Holding a dead man hostage won’t change situation in Burundi

For the last one year, regional and world leaders have been pleading with President Pierre Nkurunziza to put the interests of Burundi before his own and not to destroy his country. They started by asking him not to stand for another election.

Monday, April 04, 2016

For the last one year, regional and world leaders have been pleading with President Pierre Nkurunziza to put the interests of Burundi before his own and not to destroy his country. They started by asking him not to stand for another election.

He ignored their pleas and got himself re-elected.

Burundians contested his right to rule again. He came down hard on them, arrested and imprisoned many, killed and continues to kill others. Many fled the country, afraid for their lives.

World leaders continue to plead with him and still he ignores them. When they threaten him with sanctions or force, he simply dares them to do it.

Most of those dealing with Burundi have assumed one thing: that its leadership has the decency to do the right thing, including protecting those it purports to lead.

They have assumed that Burundian authorities have the courage to admit failure and the humility to accept well-intentioned advice.

As it happens, they have been wrong. Burundian authorities are deaf to all pleas and impervious to reason. The notion of common decency might very well be from an alien race from outer space.

How else can one explain the government’s refusal to release the body of Jacques Bihozagara who died in their prison to his family for burial unless they agree to certain conditions?

The condition is that the family must first sign papers confirming that he died of natural causes and was not killed by the government.

There is a lot wrong with this unnatural demand on the grieving family.

They are asking the family to certify the cause of death when they have no way of knowing what he died of. Yet the man died in their custody, so they should know the cause of death. What they are doing, in effect, is holding a dead man hostage.

The Burundi government is trying to absolve itself of guilt in Bihozagara’s death. But in doing so, they actually confirm that there must have been foul play that they are aware of, if in fact they are not responsible for it.

They are also playing politics with the death of a man because he happens to have been Rwandan.

The arrest and detention of Bihozagara in the first place and of many other Rwandans is part of a recent pattern of acts of provocation.

Many other Rwandans have been picked up by Burundian authorities, detained and tortured on the pretext that they are spies. Bihozagara has attracted attention because of his status as a former minister and ambassador.

Burundi has accused Rwanda of backing anti-Nkurunziza politicians and recruiting rebels from refugee camps and giving them military training before infiltrating them back into Burundi.

All these accusations have been proved to be baseless. A man captured and proudly paraded before the international media as undeniable proof of Rwanda’s spying turned out to be a petty thief and mentally unstable, hardly the sort to send on such a mission.

Bihozagara himself, also accused of spying, has not been anywhere near government circles since he left its service. If anything, he has been closer to Burundi where he had business interests.
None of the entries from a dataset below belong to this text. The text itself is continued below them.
lemma sq_series_mult_nth:
  assumes "a \<ge> 1" "b \<ge> 1"
  shows "(sq_series a * sq_series b) $ N = int (card {(m, k). a * (Suc m)^2 + b * (Suc k)^2 = N})"
proof -
  have "(sq_series a * sq_series b) $ N = int (card {(m, k). \<exists>i\<le>N. m \<in> {m. a * (Suc m)^2 = i} \<and> k \<in> {m. b * (Suc m)^2 = N - i}})"
    unfolding sq_series_def by (rule card_mult_fps_nth) (use assms finite_Suc_sq in auto)
  also have "{(m, k). \<exists>i\<le>N. m \<in> {m. a * (Suc m)^2 = i} \<and> k \<in> {m. b * (Suc m)^2 = N - i}}
           = {(m, k). a * (Suc m)^2 + b * (Suc k)^2 = N}"
    by auto
  finally show ?thesis .
qed

lemma sq24_mult_nth:
  assumes "a \<ge> 1" "b \<ge> 1"
  shows "(sq24 a c * sq24 b d) $ n = int (card {(x, y). \<exists>i\<le>n. a * x^2 = 24 * i + c \<and> b * y^2 = 24 * (n - i) + d})"
proof -
  have "(sq24 a c * sq24 b d) $ n = int (card {(x, y). \<exists>i\<le>n. x \<in> {x. a * x^2 = 24 * i + c} \<and> y \<in> {y. b * y^2 = 24 * (n - i) + d}})"
    unfolding sq24_def by (rule card_mult_fps_nth) (use assms finite_sq in auto)
  then show ?thesis by simp
qed

lemma card_symmetric_parity:
  assumes "finite S" "\<And>x y. (x, y) \<in> S \<Longrightarrow> (y, x) \<in> S"
  shows "\<exists>k. card S = card (S \<inter> {p. fst p = snd p}) + 2 * k"
  using assms
proof (induction "card S" arbitrary: S rule: less_induct)
  case less
  show ?case
  proof (cases "S \<subseteq> {p. fst p = snd p}")
    case True
    then have "S \<inter> {p. fst p = snd p} = S" by auto
    then show ?thesis by (intro exI[of _ 0]) simp
  next
    case False
    then obtain pp where pp: "pp \<in> S" "fst pp \<noteq> snd pp" by blast
    obtain x y where "pp = (x, y)" by (cases pp)
    then have xy: "(x, y) \<in> S" "x \<noteq> y" using pp by auto
    then have yx: "(y, x) \<in> S" using less.prems by blast
    define S' where "S' = S - {(x, y), (y, x)}"
    have cS: "card S = card S' + 2"
    proof -
      have "card S' = card S - card {(x, y), (y, x)}"
        unfolding S'_def by (rule card_Diff_subset) (use xy yx less.prems in auto)
      moreover have "card {(x, y), (y, x)} = 2" using xy by auto
      moreover have "card {(x, y), (y, x)} \<le> card S"
        by (rule card_mono) (use xy yx less.prems in auto)
      ultimately show ?thesis by simp
    qed
    have fS': "finite S'" using less.prems by (simp add: S'_def)
    have sS': "(b, a) \<in> S'" if "(a, b) \<in> S'" for a b using that less.prems by (auto simp: S'_def)
    obtain k where k: "card S' = card (S' \<inter> {p. fst p = snd p}) + 2 * k"
      using less.hyps[of S'] cS fS' sS' by auto
    have "S' \<inter> {p. fst p = snd p} = S \<inter> {p. fst p = snd p}" using xy by (auto simp: S'_def)
    then show ?thesis using k cS by (intro exI[of _ "k + 1"]) simp
  qed
qed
When Rwanda proposed to relocate Burundian refugees to a third country to prevent any possible recruitment from the camps, some in the international community who had spread those accusations or believed them were thrown into a panic and pleaded the government to drop such plans.
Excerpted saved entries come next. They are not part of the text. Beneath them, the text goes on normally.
lemma v_s_max:
  fixes \<alpha> :: real
  assumes "0 \<le> cos \<alpha>" and "3 * (cos \<alpha>)\<^sup>2 \<noteq> 1"
  shows "v \<alpha> (s_max \<alpha>) = s_max \<alpha>"
proof -
  define c s where "c = cos \<alpha>" and "s = sin \<alpha>"
  \<comment> \<open>With \<open>w = 1 / (1 + c\<^sup>2)\<close> every claim becomes a polynomial identity modulo
    \<open>s\<^sup>2 + c\<^sup>2 = 1\<close> and \<open>w (1 + c\<^sup>2) = 1\<close>, which \<open>algebra\<close> decides.\<close>
  define w where "w = 1 / (1 + c\<^sup>2)"
  have P: "1 + c\<^sup>2 > 0" using zero_le_power2[of c] by linarith
  then have w: "w * (1 + c\<^sup>2) = 1" by (simp add: w_def)
  have pyth: "s\<^sup>2 + c\<^sup>2 = 1" unfolding s_def c_def by (rule sin_cos_squared_add)
  have trig: "sin (2 * \<alpha>) = 2 * s * c" "cos (2 * \<alpha>) = 2 * c\<^sup>2 - 1"
      "cos (4 * \<alpha>) = 2 * (2 * c\<^sup>2 - 1)\<^sup>2 - 1"
      "cos (s_max \<alpha>) = - s\<^sup>2 * w" "sin (s_max \<alpha>) = 2 * c * w"
      "cos (2 * s_max \<alpha>) = 2 * (- s\<^sup>2 * w)\<^sup>2 - 1"
    using cos_double_cos[of "2 * \<alpha>"] sin_s_max[OF assms(1)]
    by (simp_all add: c_def s_def w_def sin_double cos_double_cos cos_s_max)
  have den: "ve \<alpha> - vA \<alpha> (s_max \<alpha>) + vB \<alpha> (s_max \<alpha>) = 4 * (3 * c\<^sup>2 - 1)\<^sup>2 * w"
    unfolding ve_def vA_def vB_def trig s_def[symmetric] c_def[symmetric]
    using w pyth by algebra
  have num: "vd \<alpha> - vA \<alpha> (s_max \<alpha>) - vB \<alpha> (s_max \<alpha>) - vC \<alpha> (s_max \<alpha>)
      = - s\<^sup>2 * w * (4 * (3 * c\<^sup>2 - 1)\<^sup>2 * w)"
    unfolding vd_def vA_def vB_def vC_def trig s_def[symmetric] c_def[symmetric]
    using w pyth by algebra
  have "4 * (3 * c\<^sup>2 - 1)\<^sup>2 * w \<noteq> 0" using P assms(2) by (simp add: c_def w_def)
  then have "v \<alpha> (s_max \<alpha>) = arccos (- s\<^sup>2 * w)" unfolding v_def den num by simp
  then show ?thesis unfolding s_max_def w_def s_def c_def by simp
qed

lemma theta_arg_identity:
  fixes \<alpha> :: real
  shows "1 - (- 2 * sqrt 2 * sin \<alpha> * cos \<alpha> / (1 + (cos \<alpha>)\<^sup>2))\<^sup>2
    = ((3 * (cos \<alpha>)\<^sup>2 - 1) / (1 + (cos \<alpha>)\<^sup>2))\<^sup>2"
proof -
  define c s where "c = cos \<alpha>" and "s = sin \<alpha>"
  define w where "w = 1 / (1 + c\<^sup>2)"
  have "1 + c\<^sup>2 > 0" using zero_le_power2[of c] by linarith
  then have w: "w * (1 + c\<^sup>2) = 1" by (simp add: w_def)
  have pyth: "s\<^sup>2 + c\<^sup>2 = 1" unfolding s_def c_def by (rule sin_cos_squared_add)
  have "(- 2 * sqrt 2 * s * c * w)\<^sup>2 = 8 * s\<^sup>2 * c\<^sup>2 * w\<^sup>2"
    by (simp add: power_mult_distrib)
  moreover have "1 - 8 * s\<^sup>2 * c\<^sup>2 * w\<^sup>2 = ((3 * c\<^sup>2 - 1) * w)\<^sup>2"
    using w pyth by algebra
  ultimately have "1 - (- 2 * sqrt 2 * s * c * w)\<^sup>2 = ((3 * c\<^sup>2 - 1) * w)\<^sup>2" by simp
  then show ?thesis by (simp add: c_def s_def w_def)
qed

lemma theta_arg_bounds:
  fixes \<alpha> :: real
  shows "- 1 \<le> - 2 * sqrt 2 * sin \<alpha> * cos \<alpha> / (1 + (cos \<alpha>)\<^sup>2)"
    and "- 2 * sqrt 2 * sin \<alpha> * cos \<alpha> / (1 + (cos \<alpha>)\<^sup>2) \<le> 1"
proof -
  have "(- 2 * sqrt 2 * sin \<alpha> * cos \<alpha> / (1 + (cos \<alpha>)\<^sup>2))\<^sup>2 \<le> 1"
    using theta_arg_identity[of \<alpha>] zero_le_power2[of "(3 * (cos \<alpha>)\<^sup>2 - 1) / (1 + (cos \<alpha>)\<^sup>2)"]
    by linarith
  then show "- 1 \<le> - 2 * sqrt 2 * sin \<alpha> * cos \<alpha> / (1 + (cos \<alpha>)\<^sup>2)"
    and "- 2 * sqrt 2 * sin \<alpha> * cos \<alpha> / (1 + (cos \<alpha>)\<^sup>2) \<le> 1"
    unfolding abs_square_le_1 abs_le_iff by linarith+
qed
They knew them to be untrue.

The discounted accusations prove one thing: that Burundian authorities are not only inept in matters of governance, they are also unimaginative and cannot think of more convincing lies. The question is why they carry on regardless.

One of the reasons is the classic example of trying to deflect attention from internal problems by blaming them on outsiders. This way, you project yourself as the innocent victim of external aggressors, especially if they are Rwanda that has already been painted as the villain of the region.

And then, of course, you earn the sympathy of those ready to believe the tale or those who have created it in the first place.

There is another sinister reason: to draw Rwanda into Burundi’s internal problems and obtain the excuse to turn a political squabble about who should hold power into a quarrel among citizens along an ethnic divide and justify mass killings.

The authorities are also probably acting on the instructions of certain powers whose involvement in Rwanda’s recent history and the guilt resulting from it blinds them against all reason.

They have never stopped plotting against this country and would be happy to have another opportunity to inflict damage.

So far the provocation has not worked. Rwanda has refused to be drawn into Burundi’s internal quarrels. More intelligent people would have seen that by now and changed tactics. But no, they will go on doing the same thing.

You can understand why ordinary Burundians have lost confidence in their leadership. Holding a dead man hostage will not change that.